Хоть он был совсем еще крохой, но уже находил способы проникнуть туда, куда ему нужно было забраться. Эти двери не остановят его, если ему придет в голову, что знание того, что находится за ними, ему жизненно необходимо. Сейчас он еще не знает, как он это сделает, но и сомнений, что это будет сделано, у него тоже нет. Так что нечего раздражаться по этому поводу. Он просто спрячет поглубже полученную информацию. Она будет там ждать своего времени, то есть того момента, когда Боб захочет ею воспользоваться.
Через каждые несколько метров Бобу попадались шесты для спуска на нижние ярусы, а также трапы для подъема на верхние. Чтобы спуститься по шесту к спортзалу, ему нужно было коснуться ладонью сканера, здесь же возле большинства шестов таких сканеров не наблюдалось. В этом был смысл: большинство трапов и шестов предназначалось лишь для перемещений между ярусами — ах да, они же тут называются палубами.

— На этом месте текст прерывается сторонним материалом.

lemma cond_var_mix:
  assumes Q1: "Q1 \<in> admissible Xs DX DY N xh yh \<rho> A" and Q2: "Q2 \<in> admissible Xs DX DY N xh yh \<rho> A"
    and A: "A \<in> sets borel" and t: "0 \<le> t" "t \<le> 1"
  shows "cond_var (mix t Q1 Q2) A
    = cond_mix_weight t Q1 Q2 A * cond_exp Q1 (\<lambda>z. (snd z - cond_exp Q2 snd A)\<^sup>2) A
      + (1 - cond_mix_weight t Q1 Q2 A) * cond_var Q2 A
      - (cond_mix_weight t Q1 Q2 A * (cond_exp Q1 snd A - cond_exp Q2 snd A))\<^sup>2"
proof -
  define m where "m = cond_exp Q2 snd A"
  define w where "w = cond_mix_weight t Q1 Q2 A"
  have Q: "prob_space Q" "sets Q = sets borel" "measure Q {z. fst z \<in> A} > 0"
      "Q \<in> W_ball Xs DX DY N xh yh \<rho>" if "Q \<in> {Q1, Q2}" for Q
    using that Q1 Q2 by (auto simp: admissible_def W_ball_def distribs_def)
  have int: "integrable Q (\<lambda>z. indicator A (fst z) * snd z)"
    "integrable Q (\<lambda>z. indicator A (fst z) * (snd z - m)\<^sup>2)" if "Q \<in> {Q1, Q2}" for Q
    by (rule W_ball_integrable[OF Q(4)[OF that] A, of "\<lambda>y. y", simplified]
        W_ball_integrable[OF Q(4)[OF that] A, of "\<lambda>y. (y - m)\<^sup>2", simplified];
        intro continuous_intros)+
  have mix_eq: "cond_exp (mix t Q1 Q2) g A = w * cond_exp Q1 g A + (1 - w) * cond_exp Q2 g A"
    if "\<And>Q. Q \<in> {Q1, Q2} \<Longrightarrow> integrable Q (\<lambda>z. indicator A (fst z) * g z)" for g
    unfolding w_def using Q that by (intro cond_exp_mix A t) auto
  have "cond_var (mix t Q1 Q2) A
      = cond_exp (mix t Q1 Q2) (\<lambda>z. (snd z - m)\<^sup>2) A - (cond_exp (mix t Q1 Q2) snd A - m)\<^sup>2"
    using admissible_cond_exp_sq_dev_eq_cond_var[OF mix_in_admissible[OF Q1 Q2 A t] A] by simp
  also have "\<dots> = w * cond_exp Q1 (\<lambda>z. (snd z - m)\<^sup>2) A + (1 - w) * cond_var Q2 A
      - (w * (cond_exp Q1 snd A - m))\<^sup>2"
  proof -
    have "cond_exp (mix t Q1 Q2) (\<lambda>z. (snd z - m)\<^sup>2) A
        = w * cond_exp Q1 (\<lambda>z. (snd z - m)\<^sup>2) A + (1 - w) * cond_var Q2 A"
      using mix_eq[OF int(2)] by (simp add: cond_var_def m_def)
    moreover have "cond_exp (mix t Q1 Q2) snd A - m = w * (cond_exp Q1 snd A - m)"
      using mix_eq[OF int(1)] by (simp add: m_def algebra_simps)
    ultimately show ?thesis by simp
  qed
  finally show ?thesis by (simp add: m_def w_def)
qed
text \<open>If \<open>u\<close> is orthogonal to the complements of all reduced monomials of degree \<open>> thr\<close>,
  then \<open>u\<close> has no such monomials: pair \<open>u\<close> with the complement of one of maximal degree.\<close>

lemma reduced_coeffs_vanish_above:
  fixes c :: "(nat \<Rightarrow> nat) \<Rightarrow> 'a::{field,finite}"
  assumes m: "m = card (UNIV::'a set) - 1" and w: "0 < w" "w < m"
    and u: "u = (\<Sum>b\<in>reduced_exps m n w. fscale (c b) (mon_fun n b))"
    and orth: "\<And>b. b \<in> reduced_exps m n w \<Longrightarrow> thr < total_degree n b
                  \<Longrightarrow> proj_inner n u (mon_fun n (exp_complement m n b)) = 0"
    and b: "b \<in> reduced_exps m n w" "thr < total_degree n b"
  shows "c b = 0"
proof (rule ccontr)
  assume "c b \<noteq> 0"
  define X where "X = {b\<in>reduced_exps m n w. thr < total_degree n b \<and> c b \<noteq> 0}"
  have "finite X" "X \<noteq> {}" using finite_reduced_exps b \<open>c b \<noteq> 0\<close> by (auto simp: X_def)
  then obtain b0 where b0: "b0 \<in> X" and max: "\<And>b. b \<in> X \<Longrightarrow> total_degree n b \<le> total_degree n b0"
    using Max_in[of "total_degree n ` X"] Max_ge[of "total_degree n ` X"] by fastforce
  have b0_red: "b0 \<in> reduced_exps m n w" and b0_thr: "thr < total_degree n b0" and c_b0: "c b0 \<noteq> 0"
    using b0 by (auto simp: X_def)
  let ?T = "\<lambda>b. proj_mon_sum n (\<lambda>i. b i + exp_complement m n b0 i) :: 'a"
  have other: "c b * ?T b = 0" if "b \<in> reduced_exps m n w" "b \<noteq> b0" for b
  proof (rule ccontr)
    assume nonzero: "c b * ?T b \<noteq> 0"
    hence "total_degree n b0 < total_degree n b"
      using proj_mon_sum_complement_nonzero[OF m w that(1) b0_red] that(2) by auto
    moreover from this have "b \<in> X" using nonzero that(1) b0_thr by (auto simp: X_def)
    ultimately show False using max by fastforce
  qed
  have "proj_inner n u (mon_fun n (exp_complement m n b0)) = (\<Sum>b\<in>reduced_exps m n w. c b * ?T b)"
    unfolding u by (simp add: proj_inner_sum_left finite_reduced_exps proj_inner_mon_fun)
  also have "\<dots> = c b0 * ?T b0"
  proof -
    have "(\<Sum>b\<in>reduced_exps m n w - {b0}. c b * ?T b) = 0"
      by (rule sum.neutral) (use other in blast)
    thus ?thesis using b0_red finite_reduced_exps by (subst sum.remove[of _ b0]) auto
  qed
  finally have "proj_inner n u (mon_fun n (exp_complement m n b0)) \<noteq> 0"
    using c_b0 proj_mon_sum_own_complement[OF m] b0_red by (auto simp: reduced_exps_def)
  thus False using orth b0_red b0_thr by blast
qed
section \<open>Brownian increments and the algorithm\<close>

lemma (in prob_space) nn_integral_indep_var:
  assumes "indep_var N1 X N2 Y" and [measurable]: "f \<in> borel_measurable (N1 \<Otimes>\<^sub>M N2)"
  shows "(\<integral>\<^sup>+\<omega>. f (X \<omega>, Y \<omega>) \<partial>M) = (\<integral>\<^sup>+\<omega>. (\<integral>\<^sup>+\<omega>'. f (X \<omega>, Y \<omega>') \<partial>M) \<partial>M)"
proof -
  have [measurable]: "X \<in> measurable M N1" "Y \<in> measurable M N2"
    and joint: "distr M N1 X \<Otimes>\<^sub>M distr M N2 Y = distr M (N1 \<Otimes>\<^sub>M N2) (\<lambda>\<omega>. (X \<omega>, Y \<omega>))"
    using assms(1) unfolding indep_var_distribution_eq by auto
  interpret Y: prob_space "distr M N2 Y"
    by (rule prob_space_distr) measurable
  have f': "f \<in> borel_measurable (distr M N1 X \<Otimes>\<^sub>M distr M N2 Y)"
    by (simp add: joint)
  have "(\<integral>\<^sup>+\<omega>. f (X \<omega>, Y \<omega>) \<partial>M) = (\<integral>\<^sup>+z. f z \<partial>(distr M N1 X \<Otimes>\<^sub>M distr M N2 Y))"
    by (simp add: joint nn_integral_distr)
  also have "\<dots> = (\<integral>\<^sup>+x. (\<integral>\<^sup>+y. f (x, y) \<partial>distr M N2 Y) \<partial>distr M N1 X)"
    by (rule Y.nn_integral_fst[OF f', symmetric])
  also have "\<dots> = (\<integral>\<^sup>+\<omega>. (\<integral>\<^sup>+y. f (X \<omega>, y) \<partial>distr M N2 Y) \<partial>M)"
    using Y.borel_measurable_nn_integral_fst[OF f'] by (simp add: nn_integral_distr)
  also have "\<dots> = (\<integral>\<^sup>+\<omega>. (\<integral>\<^sup>+\<omega>'. f (X \<omega>, Y \<omega>') \<partial>M) \<partial>M)"
    using measurable_Pair2[OF assms(2) measurable_space[of X M N1]]
    by (intro nn_integral_cong) (simp add: nn_integral_distr)
  finally show ?thesis .
qed

lemma std_brownian_motion_gauss_density_normalized:
  fixes B :: "real \<Rightarrow> 'a \<Rightarrow> real^'n"
  assumes "std_brownian_motion M B" "h > 0"
  shows "(\<integral>\<^sup>+x. ennreal (gauss_density h (x :: real^'n)) \<partial>lborel) = 1"
proof -
  interpret prob_space M using assms(1) by (simp add: std_brownian_motion_def)
  have "\<And>s t. 0 \<le> s \<Longrightarrow> s < t \<Longrightarrow>
      distributed M lborel (\<lambda>\<omega>. B t \<omega> - B s \<omega>) (\<lambda>x. ennreal (gauss_density (t - s) x))"
    using assms(1) unfolding std_brownian_motion_def by blast
  from this[of 0 h] have "distributed M lborel (\<lambda>\<omega>. B h \<omega> - B 0 \<omega>) (\<lambda>x. ennreal (gauss_density h x))"
    using assms(2) by simp
  from distributed_nn_integral[OF this, of "\<lambda>_. 1"]
  show ?thesis by (simp add: emeasure_space_1)
qed

text \<open>The algorithm driven by an arbitrary sequence \<open>d\<close> of Brownian increments; \<open>ula\<close> is the
  instance \<open>d k = B((k+1) \<delta>) - B(k \<delta>)\<close>. It exhibits the state after \<open>k\<close> steps as a measurable
  function of the first \<open>k\<close> increments alone.\<close>

fun ula_of_increments :: "(real^'n \<Rightarrow> real^'n) \<Rightarrow> real \<Rightarrow> real \<Rightarrow> real^'n \<Rightarrow> real^'n
    \<Rightarrow> (nat \<Rightarrow> real^'n) \<Rightarrow> nat \<Rightarrow> (real^'n) \<times> (real^'n)" where
  "ula_of_increments gV \<gamma> \<delta> x0 p0 d 0 = (x0, p0)"
| "ula_of_increments gV \<gamma> \<delta> x0 p0 d (Suc k) =
     (let (x, p) = ula_of_increments gV \<gamma> \<delta> x0 p0 d k
      in (x + \<delta> *\<^sub>R p, (1 - \<gamma> * \<delta>) *\<^sub>R p - \<delta> *\<^sub>R gV x + sqrt (2 * \<gamma> * \<delta>) *\<^sub>R ((1 / sqrt \<delta>) *\<^sub>R d k)))"

lemma ula_eq_ula_of_increments:
  "ula gV \<gamma> \<delta> x0 p0 B k \<omega> = ula_of_increments gV \<gamma> \<delta> x0 p0 (\<lambda>i. B ((real i + 1) * \<delta>) \<omega> - B (real i * \<delta>) \<omega>) k"
  by (induction k) (simp_all add: Let_def split_beta)

lemma ula_of_increments_cong:
  "(\<And>i. i < k \<Longrightarrow> d i = d' i) \<Longrightarrow> ula_of_increments gV \<gamma> \<delta> x0 p0 d k = ula_of_increments gV \<gamma> \<delta> x0 p0 d' k"
  by (induction k) simp_all

lemma ula_eq_ula_of_past_increments:
  "ula gV \<gamma> \<delta> x0 p0 B k \<omega>
     = ula_of_increments gV \<gamma> \<delta> x0 p0 (\<lambda>i\<in>{..<k}. B ((real i + 1) * \<delta>) \<omega> - B (real i * \<delta>) \<omega>) k"
  unfolding ula_eq_ula_of_increments by (rule ula_of_increments_cong) simp

lemma measurable_ula_of_increments:
  assumes [measurable]: "gV \<in> borel_measurable borel" and "k \<le> n"
  shows "(\<lambda>d. ula_of_increments gV \<gamma> \<delta> x0 p0 d k) \<in> PiM {..<n} (\<lambda>_. borel) \<rightarrow>\<^sub>M borel"
  using \<open>k \<le> n\<close>
proof (induction k)
  case 0
  then show ?case by simp
next
  case (Suc k)
  have [measurable]: "(\<lambda>d. ula_of_increments gV \<gamma> \<delta> x0 p0 d k) \<in> PiM {..<n} (\<lambda>_. borel) \<rightarrow>\<^sub>M borel \<Otimes>\<^sub>M borel"
    using Suc by (simp add: borel_prod)
  have [measurable]: "(\<lambda>d. d k) \<in> PiM {..<n} (\<lambda>_. borel :: (real^'n) measure) \<rightarrow>\<^sub>M borel"
    using Suc by (intro measurable_component_singleton) simp
  have "(\<lambda>d. ula_of_increments gV \<gamma> \<delta> x0 p0 d (Suc k)) \<in> PiM {..<n} (\<lambda>_. borel) \<rightarrow>\<^sub>M borel \<Otimes>\<^sub>M borel"
    by (simp add: split_beta) measurable
  then show ?case by (simp add: borel_prod)
qed

lemma measurable_ula:
  fixes B :: "real \<Rightarrow> 'a \<Rightarrow> real^'n"
  assumes "std_brownian_motion M B" "gV \<in> borel_measurable borel" "\<delta> \<ge> 0"
  shows "(\<lambda>\<omega>. ula gV \<gamma> \<delta> x0 p0 B k \<omega>) \<in> M \<rightarrow>\<^sub>M borel \<Otimes>\<^sub>M borel"
proof -
  have B: "B t \<in> borel_measurable M" if "t \<ge> 0" for t
    using assms(1) that by (simp add: std_brownian_motion_def)
  have "(\<lambda>\<omega>. \<lambda>i\<in>{..<k}. B ((real i + 1) * \<delta>) \<omega> - B (real i * \<delta>) \<omega>) \<in> M \<rightarrow>\<^sub>M PiM {..<k} (\<lambda>_. borel)"
    using assms(3) by (intro measurable_restrict borel_measurable_diff B) auto
  from measurable_compose[OF this measurable_ula_of_increments[OF assms(2) order_refl]]
  show ?thesis by (simp add: ula_eq_ula_of_past_increments borel_prod)
qed

text \<open>\<open>indep_var\<close> requires both random variables to have the same type, so the increment on
  \<open>[k \<delta>, t]\<close> is packaged as a function on the index set \<open>{k}\<close>.\<close>

lemma std_brownian_motion_indep_past_increments:
  fixes B :: "real \<Rightarrow> 'a \<Rightarrow> real^'n"
  assumes "std_brownian_motion M B" "\<delta> \<ge> 0" "real k * \<delta> \<le> t"
  shows "prob_space.indep_var M
    (PiM {..<k} (\<lambda>_. borel)) (\<lambda>\<omega>. \<lambda>i\<in>{..<k}. B ((real i + 1) * \<delta>) \<omega> - B (real i * \<delta>) \<omega>)
    (PiM {k} (\<lambda>_. borel)) (\<lambda>\<omega>. \<lambda>i\<in>{k}. B t \<omega> - B (real k * \<delta>) \<omega>)"
proof -
  interpret prob_space M using assms(1) by (simp add: std_brownian_motion_def)
  define ts where "ts i = (if i \<le> k then real i * \<delta> else t)" for i
  define D where "D i \<omega> = B (ts (Suc i)) \<omega> - B (ts i) \<omega>" for i \<omega>
  have "mono ts"
    using assms(2,3) by (auto simp: ts_def mono_iff_le_Suc not_less_eq_eq intro: mult_right_mono dest: le_antisym)
  moreover have "\<And>ts n. 0 \<le> ts 0 \<Longrightarrow> (\<forall>i<n. ts i \<le> ts (Suc i)) \<Longrightarrow>
      indep_vars (\<lambda>_. borel) (\<lambda>i \<omega>. B (ts (Suc i)) \<omega> - B (ts i) \<omega>) {..<n}"
    using assms(1) unfolding std_brownian_motion_def by blast
  moreover have "ts 0 = 0" by (simp add: ts_def)
  ultimately have "indep_vars (\<lambda>_. borel) D {..<Suc k}"
    unfolding D_def by (simp add: monoD)
  then have "indep_var (PiM {..<k} (\<lambda>_. borel)) (\<lambda>\<omega>. restrict (\<lambda>i. D i \<omega>) {..<k})
      (PiM {k} (\<lambda>_. borel)) (\<lambda>\<omega>. restrict (\<lambda>i. D i \<omega>) {k})"
    by (rule indep_var_restrict) auto
  moreover have "(\<lambda>\<omega>. restrict (\<lambda>i. D i \<omega>) {..<k}) = (\<lambda>\<omega>. \<lambda>i\<in>{..<k}. B ((real i + 1) * \<delta>) \<omega> - B (real i * \<delta>) \<omega>)"
    "(\<lambda>\<omega>. restrict (\<lambda>i. D i \<omega>) {k}) = (\<lambda>\<omega>. \<lambda>i\<in>{k}. B t \<omega> - B (real k * \<delta>) \<omega>)"
    by (auto simp: D_def ts_def add.commute intro!: restrict_ext)
  ultimately show ?thesis by simp
qed
section \<open>A \<open>C\<^sup>1\<close> cutoff function\<close>

lemma has_real_derivative_max0_square:
  "((\<lambda>t. (max 0 t)\<^sup>2) has_real_derivative 2 * max 0 x) (at x)"
proof -
  consider "x > 0" | "x < 0" | "x = 0" by linarith
  then show ?thesis
  proof cases
    case 1
    have "((\<lambda>t. t\<^sup>2) has_real_derivative 2 * max 0 x) (at x)"
      using 1 by (auto intro!: derivative_eq_intros)
    then show ?thesis
      by (rule has_field_derivative_transform_within_open[where S="{0<..}"]) (use 1 in auto)
  next
    case 2
    have "((\<lambda>t. 0) has_real_derivative 2 * max 0 x) (at x)"
      using 2 by simp
    then show ?thesis
      by (rule has_field_derivative_transform_within_open[where S="{..<0}"]) (use 2 in auto)
  next
    case 3
    have "((\<lambda>y. max 0 y) \<longlongrightarrow> max 0 0) (at (0::real))"
      by (intro tendsto_intros)
    moreover have "\<forall>\<^sub>F y in at (0::real). max 0 y = ((max 0 y)\<^sup>2 - (max 0 0)\<^sup>2) / (y - 0)"
      unfolding eventually_at_filter by (intro always_eventually) (simp add: max_def power2_eq_square)
    ultimately show ?thesis
      using 3 by (simp add: has_field_derivative_iff tendsto_cong)
  qed
qed

lemmas has_real_derivative_max0_square_chain[derivative_intros] =
  DERIV_chain2[OF has_real_derivative_max0_square]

Станция— то принадлежит МКФ, а потому все притворяются, будто они живут на корабле. К спортзалу же ведет только один шест, поэтому должен находиться под контролем, дабы предотвратить образование толкучки у дверей и появления там людей, которые в это время должны быть совсем в другом месте.
Как только Боб понял это, он тут же полез по трапу на другую палубу.
Она предназначалась для казарм старших ребят. Двери тут размещались с большими интервалами. На каждой была какая-нибудь эмблема. С использованием тех же цветов, которые были на форменных комбинезонах, и, безусловно, связанных с цветом полосок на стенах, указывающих дорогу к казармам (хотя Боб и сомневался в том, что старшим ребятам приходится прибегать к помощи таких полосок), на дверях были изображены силуэты различных животных. Некоторые Бобу не были известны, зато он сразу узнал двух птиц, какую-то кошку, собаку и льва. Такие же изображения можно было видеть и на улицах Роттердама. Но тут, конечно, не было ни голубей, ни комаров, а присутствовали лишь благородные животные, прославленные своей ловкостью и смелостью. Даже собака выглядела поджарым, с подтянутым животом ловчим псом, а не какой-то там дворняжкой.
Значит, тут собраны команды, и у каждой из них своя эмблема в виде определенного животного. Вероятно, их и зовут так: «Кошачья команда» или «Львиная стая». А может, это и не команды вовсе. Впрочем, Боб скоро выяснит, как они себя именуют. Он зажмурился и постарался вспомнить цвета и эмблему той команды, которая там, внизу, смеялась над ним.
Своим внутренним взором он видел эту эмблему, но на дверях, мимо которых он уже прошел, такого символа пока не встретилось. Значения это не имело — не стоило обходить всю палубу только для того, чтобы отыскать знакомый герб. Это только увеличивало риск поимки.
Снова вверх. Новые казармы, новые классные комнаты.
Сколько же народу живет в казармах? Станция была куда больше, чем ожидал Боб.
Прозвучал негромкий звонок. Сразу же открылось несколько дверей, из которых тут же выскочили старшие ребята. Видимо, время занятий.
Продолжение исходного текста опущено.